I do this by add this to my /etc/X11/xorg.conf.d folder:

Section "Device"
 Identifier                "Device0"
 Driver                    "ast"
 VendorName                "ASPEED Technology"
 BusID          	   "PCI:7:0:0"
EndSection

10-aspeed.conf

And then we can set up grub by edit /etc/default/grub, append the following to GRUB_CMDLINE_LINUX :

GRUB_CMDLINE_LINUX= "...[This is where your previous parameter goes]... intel_iommu=on"

Use command grub2-mkconfig -o /boot/efi/EFI/redhat/grub.cfg to update the EFI boot parameter and then reboot.
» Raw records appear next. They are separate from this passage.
(* Let $D$ be a connected locally semicomplete digraph in which no inclusion-wise maximal weak hub is mixed. Then either $D$ is semicomplete with a universal vertex, or there exist $k\ge 2$ pairwise disjoint sets $X_1,\dots,X_k$ partitioning $V(D)$ such that each $D[X_i]$ is strongly connected and the digraph obtained by contracting every $X_i$ (vertices $X_1,\dots,X_k$, arc $X_iX_j$ for $i\ne j$ whenever $D$ has an arc from $X_i$ to $X_j$) is a round oriented graph.
   Context: Digraphs are finite, no loops, no parallel arcs; digons allowed; an oriented graph has no digon. $x^+$, $x^-$ are out- and in-neighbourhoods. Connected means the underlying undirected graph is connected. Semicomplete: any two distinct vertices joined by at least one arc; locally semicomplete: every $x^+$ and every $x^-$ induces a semicomplete digraph. A universal vertex is $x$ with $x^+=x^-=V(D)\setminus\{x\}$. A weak hub is a set $X\subseteq V(D)$ with $D[X]$ strongly connected such that some vertex $x$ satisfies $X\subseteq x^-\setminus x^+$ or $X\subseteq x^+\setminus x^-$. A weak hub $X$ is mixed if there exist $x\notin X$ and $u,v\in X$ such that $xu$ and $vx$ are arcs. An oriented graph is round if there is a cyclic order of its vertices such that for every arc $xy$ and every vertex $z$ strictly between $x$ and $y$ going forward from $x$ to $y$ in the cyclic order, both $xz$ and $zy$ are arcs. *)

theory Defs
  imports Main
begin

definition digraph :: "'a set \<Rightarrow> ('a \<times> 'a) set \<Rightarrow> bool" where
  "digraph V A \<longleftrightarrow> finite V \<and> A \<subseteq> V \<times> V \<and> (\<forall>x. (x, x) \<notin> A)"

definition outN :: "('a \<times> 'a) set \<Rightarrow> 'a \<Rightarrow> 'a set" where
  "outN A x = {y. (x, y) \<in> A}"

definition inN :: "('a \<times> 'a) set \<Rightarrow> 'a \<Rightarrow> 'a set" where
  "inN A x = {y. (y, x) \<in> A}"

definition connected_dg :: "'a set \<Rightarrow> ('a \<times> 'a) set \<Rightarrow> bool" where
  "connected_dg V A \<longleftrightarrow> V \<noteq> {} \<and> (\<forall>u\<in>V. \<forall>v\<in>V. (u, v) \<in> (A \<union> A\<inverse>)\<^sup>*)"

definition semicomplete :: "'a set \<Rightarrow> ('a \<times> 'a) set \<Rightarrow> bool" where
  "semicomplete X A \<longleftrightarrow> (\<forall>x\<in>X. \<forall>y\<in>X. x \<noteq> y \<longrightarrow> (x, y) \<in> A \<or> (y, x) \<in> A)"

definition locally_semicomplete :: "'a set \<Rightarrow> ('a \<times> 'a) set \<Rightarrow> bool" where
  "locally_semicomplete V A \<longleftrightarrow>
     (\<forall>x\<in>V. semicomplete (outN A x) A \<and> semicomplete (inN A x) A)"

definition strongly_connected :: "'a set \<Rightarrow> ('a \<times> 'a) set \<Rightarrow> bool" where
  "strongly_connected X A \<longleftrightarrow> X \<noteq> {} \<and> (\<forall>u\<in>X. \<forall>v\<in>X. (u, v) \<in> (A \<inter> (X \<times> X))\<^sup>*)"

definition weak_hub :: "'a set \<Rightarrow> ('a \<times> 'a) set \<Rightarrow> 'a set \<Rightarrow> bool" where
  "weak_hub V A X \<longleftrightarrow> X \<subseteq> V \<and> strongly_connected X A \<and>
     (\<exists>x\<in>V. X \<subseteq> inN A x - outN A x \<or> X \<subseteq> outN A x - inN A x)"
After boot up host device, checkout dmesg | grep IOMMU to confirm you have VT-d correctly enabled, output should be like [ 0.000000] DMAR: IOMMU enabled. And then checkout IOMMU group you want to pass-though:

#!/bin/bash
shopt -s nullglob
for g in /sys/kernel/iommu_groups/*; do
    echo "IOMMU Group ${g##*/}:"
    for d in $g/devices/*; do
        echo -e "\t$(lspci -nns ${d##*/})"
    done;
done;

Source: Arch Linux wiki

The /sys/kernel/iommu_groups/ folder contains group of devices you can split, you should pass one entire group to a VM at once, split targets in group can cause problem.

Now, we have to modify dracut in order to load vfio-pci and other kernel module correctly, the effect is similar like modify mkinitcpio in Arch Linux.

Add a file into /etc/dracut.conf.d/ , and then generate a new initramfs image like this; reboot after this process:

echo add_drivers+="vfio vfio_iommu_type1 vfio_pci vfio_virqfd" > /etc/dracut.conf.d/local.conf
dracut -f --kver `uname -r`

Then we can tell vfio to claim device during boot sequence, to locate device id you want to passthrough, use lspci -nn to show name and device:

......
01:00.0 VGA compatible controller [0300]: NVIDIA Corporation TU106 [GeForce RTX 2060 SUPER] [10de:1f06] (rev a1)
01:00.1 Audio device [0403]: NVIDIA Corporation TU106 High Definition Audio Controller [10de:10f9] (rev a1)
01:00.2 USB controller [0c03]: NVIDIA Corporation TU106 USB 3.1 Host Controller [10de:1ada] (rev a1)
01:00.3 Serial bus controller [0c80]: NVIDIA Corporation TU106 USB Type-C UCSI Controller [10de:1adb] (rev a1)
02:00.0 Non-Volatile memory controller [0108]: Intel Corporation Optane SSD 900P Series [8086:2700]
03:00.0 Non-Volatile memory controller [0108]: Sandisk Corp Device [15b7:5009] (rev 01)
......
08:00.0 USB controller [0c03]: ASMedia Technology Inc. ASM1042A USB 3.0 Host Controller [1b21:1142]
......

here I want to passthrough NVIDIA TU106, Sandisk NVMe drive, and ASMedia USB Host device, I only have to claim VGA, Audio and Serial bus controller, like this:

GRUB_CMDLINE_LINUX= "...[This is where your previous parameter goes]... kvm.ignore_msrs=1 vfio-pci.ids=10de:1f06,10de:10f9,10de:1adb video=efifb:off"

ignore_msrs is to prevent some issue where your CPU isn't supported, you can ignore this line if didn't encounter any crash issue in guest, vfio-pci.ids is those device ids you want to passthrough listed before, and video=efifb:0ff is to turn off efi frame buffer.

Now you can setup virtual machine freely, UEFI firmware is what I tested, make sure edk2-ovmf is installed, and setup virtual machine by it:

And now you can add PCI device from Add Hardware, and start to install virtual machine.

To hide KVM status from being detected by NVIDIA driver, modify virtual machine XML file like:

<domain type="kvm">
...
  <feature>
    <kvm>
      <hidden state="on"/>
    </kvm>
  </feature>
...
  <qemu:commandline>
    <qemu:arg value='-cpu'/>
    <qemu:arg value='host,hv_time,kvm=off,hv_vendor_id=null'/>
  </qemu:commandline>
</domain>

This can work without qemu:commandline stuff

A small note: remove Display Spcie and Video QXL(or anything you have), to output graphics only to GPU you have passthrough.
And not all GPU is supported by OVMF firmware, you can install setup machine first and then delete virtual graphics.